(* Let $n\ge 1$, $0\le d\le n$, and let $g:\mathcal{X}_n\to[0,1]$ belong to $\mathcal{G}_n^{(d)}$, so that its angle map has the multilinear expansion \[ \Theta_g(b)=\sum_{S\subseteq[n],\,|S|\le d}\widehat{\Theta}_S\,\chi_S(b),\qquad \widehat{\Theta}_S=\sum_{T\subseteq S}(-1)^{|S\setminus T|}\,\Theta_g(\mathbf{1}_T). \] Then the encoding operator factors as \[ G_g=\prod_{S\subseteq[n],\,|S|\le d} C^S R_Y\bigl(\widehat{\Theta}_S\bigr) \] (the factors may be taken in any order). Consequently $G_g$ can be implemented with exactly $\sum_{k=0}^{d}\binom{n}{k}$ controlled-$R_Y$ gates, one for each subset $S\subseteq[n]$ with $|S|\le d$.
   Context: Let $\mathbb{B}=\{0,1\}$, $[n]=\{0,1,\dots,n-1\}$, $N=2^n$. The uniform grid is $\mathcal{X}_n=\{x_i=i/N: i=0,\dots,N-1\}$, and for $b=(b_0,\dots,b_{n-1})\in\mathbb{B}^n$ the grid index is $i(b)=\sum_k b_k2^k$. The angle map of $g:\mathcal{X}_n\to[0,1]$ is $\Theta_g:\mathbb{B}^n\to[0,\pi]$, $\Theta_g(b)=2\arcsin\bigl(\sqrt{g(x_{i(b)})}\bigr)$. For $S\subseteq[n]$, $\chi_S(b)=\prod_{j\in S}b_j$, and $\mathbf{1}_T\in\mathbb{B}^n$ is the indicator vector of $T\subseteq[n]$. Every $f:\mathbb{B}^n\to\mathbb{R}$ has a unique expansion $f=\sum_{S\subseteq[n]}\hat f_S\chi_S$; its multilinear degree is $\max\{|S|:\hat f_S\neq 0\}$. The class $\mathcal{G}_n^{(d)}$ is the set of $g:\mathcal{X}_n\to[0,1]$ with $\deg(\Theta_g)\le d$. Let $R_Y(\theta)=\begin{pmatrix}\cos(\theta/2)&-\sin(\theta/2)\\ \sin(\theta/2)&\cos(\theta/2)\end{pmatrix}$. On $\mathbb{C}^{N}\otimes\mathbb{C}^2$ with standard basis $\{\mathbf{u}_b\otimes \mathbf{u}^{(2)}_c\}$ (index register indexed by $b\in\mathbb{B}^n$, one ancilla qubit), the encoding operator $G_g$ is the block-diagonal unitary acting by $G_g(\mathbf{u}_b\otimes v)=\mathbf{u}_b\otimes R_Y(\Theta_g(b))v$ for all $v\in\mathbb{C}^2$; in particular $G_g(\mathbf{u}_{b}\otimes\mathbf{u}^{(2)}_0)=\mathbf{u}_{b}\otimes(\sqrt{1-g(x_{i(b)})}\,\mathbf{u}^{(2)}_0+\sqrt{g(x_{i(b)})}\,\mathbf{u}^{(2)}_1)$. For $S\subseteq[n]$ and $\alpha\in\mathbb{R}$, the controlled gate $C^SR_Y(\alpha)$ acts by $\mathbf{u}_b\otimes v\mapsto \mathbf{u}_b\otimes R_Y(\alpha\,\chi_S(b))v$, i.e. it applies $R_Y(\alpha)$ to the ancilla iff all index qubits in $S$ equal $1$ (for $S=\emptyset$ it is an unconditional rotation). *)

theory Defs
  imports Complex_Main
begin

text \<open>Bit strings b in B^n are encoded by their support sets T \<subseteq> {..<n}
  (b_k = 1 iff k \<in> T); so the indicator vector 1_T is just T.\<close>

definition grid_index :: "nat set \<Rightarrow> nat" where
  "grid_index T = (\<Sum>k\<in>T. 2 ^ k)"

definition grid_pt :: "nat \<Rightarrow> nat \<Rightarrow> real" where
  "grid_pt n i = real i / 2 ^ n"

definition angle_map :: "nat \<Rightarrow> (real \<Rightarrow> real) \<Rightarrow> nat set \<Rightarrow> real" where
  "angle_map n g T = 2 * arcsin (sqrt (g (grid_pt n (grid_index T))))"

definition chi :: "nat set \<Rightarrow> nat set \<Rightarrow> real" where
  "chi S T = (if S \<subseteq> T then 1 else 0)"

definition mldeg_le :: "nat \<Rightarrow> (nat set \<Rightarrow> real) \<Rightarrow> nat \<Rightarrow> bool" where
  "mldeg_le n f d \<longleftrightarrow> (\<exists>c :: nat set \<Rightarrow> real.
      (\<forall>T. T \<subseteq> {..<n} \<longrightarrow> f T = (\<Sum>S\<in>Pow {..<n}. c S * chi S T)) \<and>
      (\<forall>S. S \<subseteq> {..<n} \<and> d < card S \<longrightarrow> c S = 0))"

definition in_G_class :: "nat \<Rightarrow> nat \<Rightarrow> (real \<Rightarrow> real) \<Rightarrow> bool" where
  "in_G_class n d g \<longleftrightarrow> (\<forall>i < 2 ^ n. 0 \<le> g (grid_pt n i) \<and> g (grid_pt n i) \<le> 1)
                          \<and> mldeg_le n (angle_map n g) d"

definition theta_hat :: "nat \<Rightarrow> (real \<Rightarrow> real) \<Rightarrow> nat set \<Rightarrow> real" where
  "theta_hat n g S = (\<Sum>T\<in>Pow S. (-1) ^ card (S - T) * angle_map n g T)"

text \<open>R_Y(theta) as a 2x2 matrix indexed by bool (False = |0>, True = |1>): entry (row, col).\<close>
definition RY :: "real \<Rightarrow> bool \<Rightarrow> bool \<Rightarrow> real" where
  "RY \<theta> r c = (if r = c then cos (\<theta>/2) else if r then sin (\<theta>/2) else - sin (\<theta>/2))"

text \<open>States of C^N \<otimes> C^2: amplitude of basis vector u_b \<otimes> u_c is v b c.
  Block-diagonal operator acting by the 2x2 block M b on the ancilla.\<close>
type_synonym state = "nat set \<Rightarrow> bool \<Rightarrow> complex"

definition block_op :: "(nat set \<Rightarrow> bool \<Rightarrow> bool \<Rightarrow> real) \<Rightarrow> state \<Rightarrow> state" where
  "block_op M v = (\<lambda>b r. \<Sum>c\<in>UNIV. complex_of_real (M b r c) * v b c)"

definition encoding_op :: "nat \<Rightarrow> (real \<Rightarrow> real) \<Rightarrow> state \<Rightarrow> state" where
  "encoding_op n g = block_op (\<lambda>b. RY (angle_map n g b))"

definition CRY :: "nat set \<Rightarrow> real \<Rightarrow> state \<Rightarrow> state" where
  "CRY S \<alpha> = block_op (\<lambda>b. RY (\<alpha> * chi S b))"

text \<open>Ordered product of the gates C^S R_Y(theta_hat S) for S in the list
  (leftmost factor applied last).\<close>
definition gate_product :: "nat \<Rightarrow> (real \<Rightarrow> real) \<Rightarrow> nat set list \<Rightarrow> state \<Rightarrow> state" where
  "gate_product n g Ss = foldr (\<lambda>S acc. CRY S (theta_hat n g S) \<circ> acc) Ss id"

end

theory Submission
  imports Defs
begin

text \<open>Since \<open>chi U T = 1\<close> exactly when \<open>U \<subseteq> T\<close>, a multilinear expansion
  \<open>f T = (\<Sum>U. c U * chi U T)\<close> says that f is the zeta transform of c on the subset
  lattice, so Moebius inversion recovers \<open>c S\<close> as the alternating sum \<open>theta_hat\<close>;
  the degree bound removes all coefficients of larger sets. On the operator side every
  gate \<open>C\<^sup>S R\<^sub>Y(\<alpha>)\<close> is block diagonal with an \<open>R\<^sub>Y\<close> block in each index
  state b, and \<open>R\<^sub>Y(\<alpha>) R\<^sub>Y(\<beta>) = R\<^sub>Y(\<alpha> + \<beta>)\<close>, so any ordered product of such gates
  is block diagonal with angle \<open>\<Sum>\<^sub>S \<alpha>\<^sub>S chi S b\<close>, which is the angle map.\<close>

lemma sum_Pow_mult_chi:
  assumes "finite A" and "T \<subseteq> A"
  shows "(\<Sum>U\<in>Pow A. c U * chi U T) = sum c (Pow T)"
proof -
  have "(\<Sum>U\<in>Pow A. c U * chi U T) = (\<Sum>U\<in>Pow A. if U \<subseteq> T then c U else 0)"
    by (rule sum.cong) (simp_all add: chi_def)
  also have "\<dots> = sum c {U \<in> Pow A. U \<subseteq> T}"
    by (rule sum.inter_filter [symmetric]) (simp add: assms)
  also have "{U \<in> Pow A. U \<subseteq> T} = Pow T"
    using assms(2) by auto
  finally show ?thesis .
qed

lemma multilinear_coeff_inversion:
  fixes f c :: "nat set \<Rightarrow> real"
  assumes "finite A"
    and expansion: "\<And>T. T \<subseteq> A \<Longrightarrow> f T = (\<Sum>U\<in>Pow A. c U * chi U T)"
    and "S \<subseteq> A"
  shows "(\<Sum>T\<in>Pow S. (-1) ^ card (S - T) * f T) = c S"
proof -
  have "finite S"
    using assms finite_subset by blast
  have "c S = (\<Sum>T\<in>Pow S. (-1) ^ (card S - card T) * sum c (Pow T))"
    by (rule inclusion_exclusion_mobius) (simp_all add: \<open>finite S\<close>)
  also have "\<dots> = (\<Sum>T\<in>Pow S. (-1) ^ card (S - T) * f T)"
  proof (rule sum.cong)
    fix T assume "T \<in> Pow S"
    then have "T \<subseteq> A" "finite T"
      using \<open>S \<subseteq> A\<close> \<open>finite S\<close> finite_subset by auto
    then show "(-1) ^ (card S - card T) * sum c (Pow T) = (-1) ^ card (S - T) * f T"
      using \<open>T \<in> Pow S\<close> by (simp add: expansion sum_Pow_mult_chi[OF \<open>finite A\<close>] card_Diff_subset)
  qed simp
  finally show ?thesis ..
qed

lemma mldeg_le_expansion:
  assumes "mldeg_le n f d" and "T \<subseteq> {..<n}"
  shows "f T = (\<Sum>S\<in>{S. S \<subseteq> {..<n} \<and> card S \<le> d}.
                  (\<Sum>U\<in>Pow S. (-1) ^ card (S - U) * f U) * chi S T)"
proof -
  obtain c where expansion: "\<forall>T. T \<subseteq> {..<n} \<longrightarrow> f T = (\<Sum>S\<in>Pow {..<n}. c S * chi S T)"
    and high: "\<forall>S. S \<subseteq> {..<n} \<and> d < card S \<longrightarrow> c S = 0"
    using assms(1) unfolding mldeg_le_def by blast
  have "f T = (\<Sum>S\<in>Pow {..<n}. c S * chi S T)"
    using expansion assms(2) by blast
  also have "\<dots> = (\<Sum>S\<in>{S. S \<subseteq> {..<n} \<and> card S \<le> d}. c S * chi S T)"
  proof (rule sum.mono_neutral_right)
    show "{S. S \<subseteq> {..<n} \<and> card S \<le> d} \<subseteq> Pow {..<n}"
      by blast
    show "\<forall>S\<in>Pow {..<n} - {S. S \<subseteq> {..<n} \<and> card S \<le> d}. c S * chi S T = 0"
      using high by (simp add: not_le)
  qed simp
  also have "\<dots> = (\<Sum>S\<in>{S. S \<subseteq> {..<n} \<and> card S \<le> d}.
                      (\<Sum>U\<in>Pow S. (-1) ^ card (S - U) * f U) * chi S T)"
    using multilinear_coeff_inversion[of "{..<n}" f c] expansion by (intro sum.cong) auto
  finally show ?thesis .
qed

lemma card_subsets_card_le:
  assumes "finite A"
  shows "card {S. S \<subseteq> A \<and> card S \<le> d} = (\<Sum>k\<le>d. card A choose k)"
proof -
  have "{S. S \<subseteq> A \<and> card S \<le> d} = (\<Union>k\<le>d. {S. S \<subseteq> A \<and> card S = k})"
    by auto
  also have "card \<dots> = (\<Sum>k\<le>d. card {S. S \<subseteq> A \<and> card S = k})"
    by (rule card_UN_disjoint) (auto intro: finite_subset[of _ "Pow A"] assms)
  finally show ?thesis
    by (simp add: n_subsets assms)
qed

lemma RY_matrix_mult: "(\<Sum>k\<in>UNIV. RY \<alpha> r k * RY \<beta> k c) = RY (\<alpha> + \<beta>) r c"
  unfolding UNIV_bool RY_def add_divide_distrib cos_add sin_add
  by (cases r; cases c) (simp_all add: algebra_simps)

lemma block_op_comp:
  "block_op M (block_op N v) = block_op (\<lambda>b r c. \<Sum>k\<in>UNIV. M b r k * N b k c) v"
  by (auto simp: block_op_def UNIV_bool algebra_simps intro!: ext)

lemma block_op_RY_comp:
  "block_op (\<lambda>b. RY (\<alpha> b)) (block_op (\<lambda>b. RY (\<beta> b)) v) = block_op (\<lambda>b. RY (\<alpha> b + \<beta> b)) v"
  by (simp add: block_op_comp RY_matrix_mult)

lemma block_op_RY_zero: "block_op (\<lambda>b. RY 0) = id"
  by (simp add: fun_eq_iff block_op_def RY_def UNIV_bool)

lemma CRY_product_eq_block_op:
  "foldr (\<lambda>S acc. CRY S (\<alpha> S) \<circ> acc) Ss id = block_op (\<lambda>b. RY (\<Sum>S\<leftarrow>Ss. \<alpha> S * chi S b))"
  by (induction Ss) (auto simp: block_op_RY_zero CRY_def block_op_RY_comp intro!: ext)

theorem mainTheorem1:
  fixes n d :: nat and g :: "real \<Rightarrow> real"
  assumes "1 \<le> n" and "d \<le> n" and "in_G_class n d g"
  shows "(\<forall>T. T \<subseteq> {..<n} \<longrightarrow>
            angle_map n g T = (\<Sum>S\<in>{S. S \<subseteq> {..<n} \<and> card S \<le> d}. theta_hat n g S * chi S T))
       \<and> (\<forall>Ss. distinct Ss \<and> set Ss = {S. S \<subseteq> {..<n} \<and> card S \<le> d} \<longrightarrow>
            (\<forall>v T c. T \<subseteq> {..<n} \<longrightarrow> gate_product n g Ss v T c = encoding_op n g v T c)
            \<and> length Ss = (\<Sum>k\<le>d. n choose k))"
proof (intro conjI allI impI)
  show expansion: "angle_map n g T = (\<Sum>S\<in>{S. S \<subseteq> {..<n} \<and> card S \<le> d}. theta_hat n g S * chi S T)"
    if "T \<subseteq> {..<n}" for T
    using mldeg_le_expansion[OF _ that] assms(3) by (simp add: in_G_class_def theta_hat_def)
  fix Ss :: "nat set list"
  assume Ss: "distinct Ss \<and> set Ss = {S. S \<subseteq> {..<n} \<and> card S \<le> d}"
  show "length Ss = (\<Sum>k\<le>d. n choose k)"
    using Ss distinct_card card_subsets_card_le[of "{..<n}" d] by fastforce
  fix v T c
  assume "T \<subseteq> {..<n}"
  then have "(\<Sum>S\<leftarrow>Ss. theta_hat n g S * chi S T) = angle_map n g T"
    using Ss expansion by (simp add: sum_list_distinct_conv_sum_set)
  then show "gate_product n g Ss v T c = encoding_op n g v T c"
    by (simp add: gate_product_def CRY_product_eq_block_op encoding_op_def block_op_def)
qed

end
theorem proposition2p1:
  fixes k :: nat
  assumes "k \<ge> 4"
  shows "\<exists>C1 C2 :: real. real k + C2 > 0 \<and> (\<exists>N. \<forall>n\<ge>N.
           2 * real n / (real k + C2) \<le> real (wsat_bowtie k n) \<and>
           real (wsat_bowtie k n) \<le> 2 * real n / real k + C1)"
proof -
  have "0 < k"
    using assms by simp
  obtain C where upper: "\<And>n. real (wsat_bowtie k n) \<le> 2 * real n / real k + C"
    using wsat_bowtie_upper[OF \<open>0 < k\<close>] by blast
  have lower: "2 * real n / (real k + 2 * real k) \<le> real (wsat_bowtie k n)" if "3 * k \<le> n" for n
  proof -
    have "real n < real k * real (wsat_bowtie k n) + real k"
      using wsat_bowtie_lower[OF \<open>0 < k\<close>, of n] by (metis of_nat_add of_nat_less_iff of_nat_mult)
    moreover have "3 * real k \<le> real n"
      using that by simp
    ultimately show ?thesis
      using \<open>0 < k\<close> by (simp add: divide_le_eq algebra_simps)
  qed
  show ?thesis
    using \<open>0 < k\<close> upper lower by (intro exI[of _ C] exI[of _ "2 * real k"]) auto
qed

end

## GOAL OF THE EXERCISE
Go through the listing above and write out exactly the lines starting with the one holding "(real \<Rightarrow> real) \<Rightarrow> state" and running through the one holding "real \<Rightarrow> state", ends included, and no others.

## COMPLETED EXERCISE
definition encoding_op :: "nat \<Rightarrow> (real \<Rightarrow> real) \<Rightarrow> state \<Rightarrow> state" where
  "encoding_op n g = block_op (\<lambda>b. RY (angle_map n g b))"

definition CRY :: "nat set \<Rightarrow> real \<Rightarrow> state \<Rightarrow> state" where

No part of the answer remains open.